Go from the first line below to the one with "x + g x)^2) \<in>" and print each line exactly.
[[ DATA open ]]
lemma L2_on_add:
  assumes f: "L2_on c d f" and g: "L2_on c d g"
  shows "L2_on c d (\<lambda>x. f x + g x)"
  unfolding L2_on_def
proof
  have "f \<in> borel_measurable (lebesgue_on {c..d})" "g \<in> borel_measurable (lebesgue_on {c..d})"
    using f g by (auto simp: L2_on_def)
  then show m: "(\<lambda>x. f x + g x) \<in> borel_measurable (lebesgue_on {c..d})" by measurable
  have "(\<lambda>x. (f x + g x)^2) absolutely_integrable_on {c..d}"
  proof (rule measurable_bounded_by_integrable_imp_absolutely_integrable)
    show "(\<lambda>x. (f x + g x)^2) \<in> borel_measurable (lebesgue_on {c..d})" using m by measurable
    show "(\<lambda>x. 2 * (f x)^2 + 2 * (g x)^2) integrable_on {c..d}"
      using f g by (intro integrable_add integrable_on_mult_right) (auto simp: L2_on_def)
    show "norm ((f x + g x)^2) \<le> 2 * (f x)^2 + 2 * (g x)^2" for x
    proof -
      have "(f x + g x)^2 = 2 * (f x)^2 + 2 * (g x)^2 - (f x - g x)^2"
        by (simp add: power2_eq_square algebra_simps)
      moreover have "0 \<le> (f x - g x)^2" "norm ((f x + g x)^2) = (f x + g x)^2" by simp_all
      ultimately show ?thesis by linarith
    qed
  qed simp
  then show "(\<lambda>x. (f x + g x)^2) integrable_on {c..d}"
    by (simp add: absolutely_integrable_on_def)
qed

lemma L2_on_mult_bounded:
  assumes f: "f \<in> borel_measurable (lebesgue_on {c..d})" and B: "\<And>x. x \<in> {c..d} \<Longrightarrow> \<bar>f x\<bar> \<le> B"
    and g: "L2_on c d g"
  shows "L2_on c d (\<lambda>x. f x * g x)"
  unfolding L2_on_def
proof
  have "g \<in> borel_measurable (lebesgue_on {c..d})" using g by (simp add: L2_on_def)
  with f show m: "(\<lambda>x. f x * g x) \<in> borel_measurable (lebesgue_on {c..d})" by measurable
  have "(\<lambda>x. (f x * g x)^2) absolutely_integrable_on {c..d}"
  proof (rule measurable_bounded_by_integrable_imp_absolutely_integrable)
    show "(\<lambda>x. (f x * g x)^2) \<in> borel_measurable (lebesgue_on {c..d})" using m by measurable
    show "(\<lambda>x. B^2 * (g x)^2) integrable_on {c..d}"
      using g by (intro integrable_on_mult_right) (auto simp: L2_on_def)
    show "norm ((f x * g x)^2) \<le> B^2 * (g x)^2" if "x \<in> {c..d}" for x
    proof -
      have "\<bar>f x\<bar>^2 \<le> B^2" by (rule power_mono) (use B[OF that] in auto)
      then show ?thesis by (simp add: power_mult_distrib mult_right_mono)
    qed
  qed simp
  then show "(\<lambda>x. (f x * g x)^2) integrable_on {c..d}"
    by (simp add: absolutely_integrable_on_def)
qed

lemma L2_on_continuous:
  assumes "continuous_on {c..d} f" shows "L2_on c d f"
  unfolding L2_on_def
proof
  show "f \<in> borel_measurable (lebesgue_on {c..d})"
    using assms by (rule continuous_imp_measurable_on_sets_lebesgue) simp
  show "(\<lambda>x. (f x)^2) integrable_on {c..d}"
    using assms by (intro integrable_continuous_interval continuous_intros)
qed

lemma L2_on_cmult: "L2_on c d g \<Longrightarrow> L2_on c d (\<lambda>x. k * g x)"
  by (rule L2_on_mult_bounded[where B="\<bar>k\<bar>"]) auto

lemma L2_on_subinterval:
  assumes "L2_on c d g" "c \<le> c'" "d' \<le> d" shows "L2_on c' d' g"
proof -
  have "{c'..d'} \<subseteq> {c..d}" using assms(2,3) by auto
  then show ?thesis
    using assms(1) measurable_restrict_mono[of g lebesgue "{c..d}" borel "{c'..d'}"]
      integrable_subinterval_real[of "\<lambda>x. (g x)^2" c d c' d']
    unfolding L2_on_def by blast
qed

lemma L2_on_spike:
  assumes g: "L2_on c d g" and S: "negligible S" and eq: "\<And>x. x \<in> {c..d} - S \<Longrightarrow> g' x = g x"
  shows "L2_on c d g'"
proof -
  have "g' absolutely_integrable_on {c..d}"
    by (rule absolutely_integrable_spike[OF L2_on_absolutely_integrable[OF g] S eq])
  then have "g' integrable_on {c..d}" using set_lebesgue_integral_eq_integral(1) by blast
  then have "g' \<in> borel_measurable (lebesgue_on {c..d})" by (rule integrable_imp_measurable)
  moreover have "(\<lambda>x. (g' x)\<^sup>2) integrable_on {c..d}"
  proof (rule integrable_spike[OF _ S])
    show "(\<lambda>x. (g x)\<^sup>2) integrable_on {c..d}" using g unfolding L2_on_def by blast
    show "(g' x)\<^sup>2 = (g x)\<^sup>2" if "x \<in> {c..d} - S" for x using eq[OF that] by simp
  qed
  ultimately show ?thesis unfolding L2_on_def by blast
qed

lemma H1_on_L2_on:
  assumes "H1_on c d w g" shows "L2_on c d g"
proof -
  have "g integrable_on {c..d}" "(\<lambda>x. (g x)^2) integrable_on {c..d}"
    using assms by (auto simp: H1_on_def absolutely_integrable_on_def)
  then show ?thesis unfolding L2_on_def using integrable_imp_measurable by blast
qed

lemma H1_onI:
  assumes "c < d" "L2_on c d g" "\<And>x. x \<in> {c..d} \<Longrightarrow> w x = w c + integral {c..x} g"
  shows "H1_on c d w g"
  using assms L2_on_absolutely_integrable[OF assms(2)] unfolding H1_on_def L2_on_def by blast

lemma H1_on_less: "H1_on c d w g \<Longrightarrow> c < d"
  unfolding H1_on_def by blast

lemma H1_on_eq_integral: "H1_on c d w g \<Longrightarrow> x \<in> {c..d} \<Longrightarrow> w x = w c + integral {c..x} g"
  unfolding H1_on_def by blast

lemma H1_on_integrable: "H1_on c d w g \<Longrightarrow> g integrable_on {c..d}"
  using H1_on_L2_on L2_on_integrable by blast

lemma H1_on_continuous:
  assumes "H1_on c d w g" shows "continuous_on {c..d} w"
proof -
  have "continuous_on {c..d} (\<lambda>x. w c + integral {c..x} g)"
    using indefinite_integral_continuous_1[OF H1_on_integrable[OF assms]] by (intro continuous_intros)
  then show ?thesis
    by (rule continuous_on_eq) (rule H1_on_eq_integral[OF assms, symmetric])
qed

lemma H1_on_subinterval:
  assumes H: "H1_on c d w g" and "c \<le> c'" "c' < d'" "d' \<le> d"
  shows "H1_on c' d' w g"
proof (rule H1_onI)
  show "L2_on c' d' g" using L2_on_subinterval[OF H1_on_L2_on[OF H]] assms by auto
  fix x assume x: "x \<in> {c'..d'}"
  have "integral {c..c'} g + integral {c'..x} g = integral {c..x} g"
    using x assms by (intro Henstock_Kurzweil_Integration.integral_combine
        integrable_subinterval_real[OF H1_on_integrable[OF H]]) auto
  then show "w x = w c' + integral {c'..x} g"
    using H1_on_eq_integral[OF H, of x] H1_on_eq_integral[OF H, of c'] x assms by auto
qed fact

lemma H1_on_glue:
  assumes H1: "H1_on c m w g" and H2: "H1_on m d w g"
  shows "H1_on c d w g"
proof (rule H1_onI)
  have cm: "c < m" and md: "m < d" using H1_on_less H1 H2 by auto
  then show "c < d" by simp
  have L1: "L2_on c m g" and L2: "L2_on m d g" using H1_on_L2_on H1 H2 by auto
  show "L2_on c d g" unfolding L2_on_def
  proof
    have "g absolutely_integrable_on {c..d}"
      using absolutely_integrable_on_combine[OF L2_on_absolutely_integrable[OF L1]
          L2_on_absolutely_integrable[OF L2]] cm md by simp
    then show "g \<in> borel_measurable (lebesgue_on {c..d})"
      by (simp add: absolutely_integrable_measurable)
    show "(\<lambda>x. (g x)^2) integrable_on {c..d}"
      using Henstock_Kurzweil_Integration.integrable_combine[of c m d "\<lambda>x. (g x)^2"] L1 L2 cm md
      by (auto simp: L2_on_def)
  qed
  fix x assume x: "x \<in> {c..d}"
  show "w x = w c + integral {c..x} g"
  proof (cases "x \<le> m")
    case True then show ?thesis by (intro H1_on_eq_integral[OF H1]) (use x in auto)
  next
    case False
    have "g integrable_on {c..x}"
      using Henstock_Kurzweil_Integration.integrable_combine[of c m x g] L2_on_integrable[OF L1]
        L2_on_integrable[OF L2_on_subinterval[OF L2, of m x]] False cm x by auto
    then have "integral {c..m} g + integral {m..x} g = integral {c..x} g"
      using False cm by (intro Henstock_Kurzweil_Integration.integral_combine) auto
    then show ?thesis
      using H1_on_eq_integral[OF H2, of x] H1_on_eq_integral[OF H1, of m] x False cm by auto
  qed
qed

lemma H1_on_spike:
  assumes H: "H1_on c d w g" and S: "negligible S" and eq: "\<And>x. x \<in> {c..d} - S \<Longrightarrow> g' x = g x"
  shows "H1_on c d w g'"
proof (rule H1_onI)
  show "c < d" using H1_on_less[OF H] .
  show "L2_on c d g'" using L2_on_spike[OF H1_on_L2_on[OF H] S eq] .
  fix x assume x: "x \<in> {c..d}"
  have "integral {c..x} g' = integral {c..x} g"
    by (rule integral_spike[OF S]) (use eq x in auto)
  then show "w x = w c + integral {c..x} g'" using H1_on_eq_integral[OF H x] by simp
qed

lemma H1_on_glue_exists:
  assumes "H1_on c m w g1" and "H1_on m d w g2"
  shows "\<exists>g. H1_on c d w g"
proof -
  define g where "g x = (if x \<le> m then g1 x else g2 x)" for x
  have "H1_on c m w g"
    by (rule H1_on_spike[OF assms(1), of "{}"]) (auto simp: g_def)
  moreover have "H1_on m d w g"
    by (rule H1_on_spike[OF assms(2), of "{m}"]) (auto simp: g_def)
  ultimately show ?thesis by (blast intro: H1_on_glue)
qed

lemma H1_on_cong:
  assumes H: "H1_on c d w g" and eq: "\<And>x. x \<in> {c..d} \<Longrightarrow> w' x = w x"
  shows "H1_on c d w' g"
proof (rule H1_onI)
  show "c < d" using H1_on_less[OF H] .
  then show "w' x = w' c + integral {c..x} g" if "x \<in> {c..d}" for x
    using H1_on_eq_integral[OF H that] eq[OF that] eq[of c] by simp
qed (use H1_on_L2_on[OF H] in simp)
[[ DATA closed ]]
■ **ANSWER BELOW**:
lemma L2_on_add:
  assumes f: "L2_on c d f" and g: "L2_on c d g"
  shows "L2_on c d (\<lambda>x. f x + g x)"
  unfolding L2_on_def
proof
  have "f \<in> borel_measurable (lebesgue_on {c..d})" "g \<in> borel_measurable (lebesgue_on {c..d})"
    using f g by (auto simp: L2_on_def)
  then show m: "(\<lambda>x. f x + g x) \<in> borel_measurable (lebesgue_on {c..d})" by measurable
  have "(\<lambda>x. (f x + g x)^2) absolutely_integrable_on {c..d}"
  proof (rule measurable_bounded_by_integrable_imp_absolutely_integrable)
    show "(\<lambda>x. (f x + g x)^2) \<in> borel_measurable (lebesgue_on {c..d})" using m by measurable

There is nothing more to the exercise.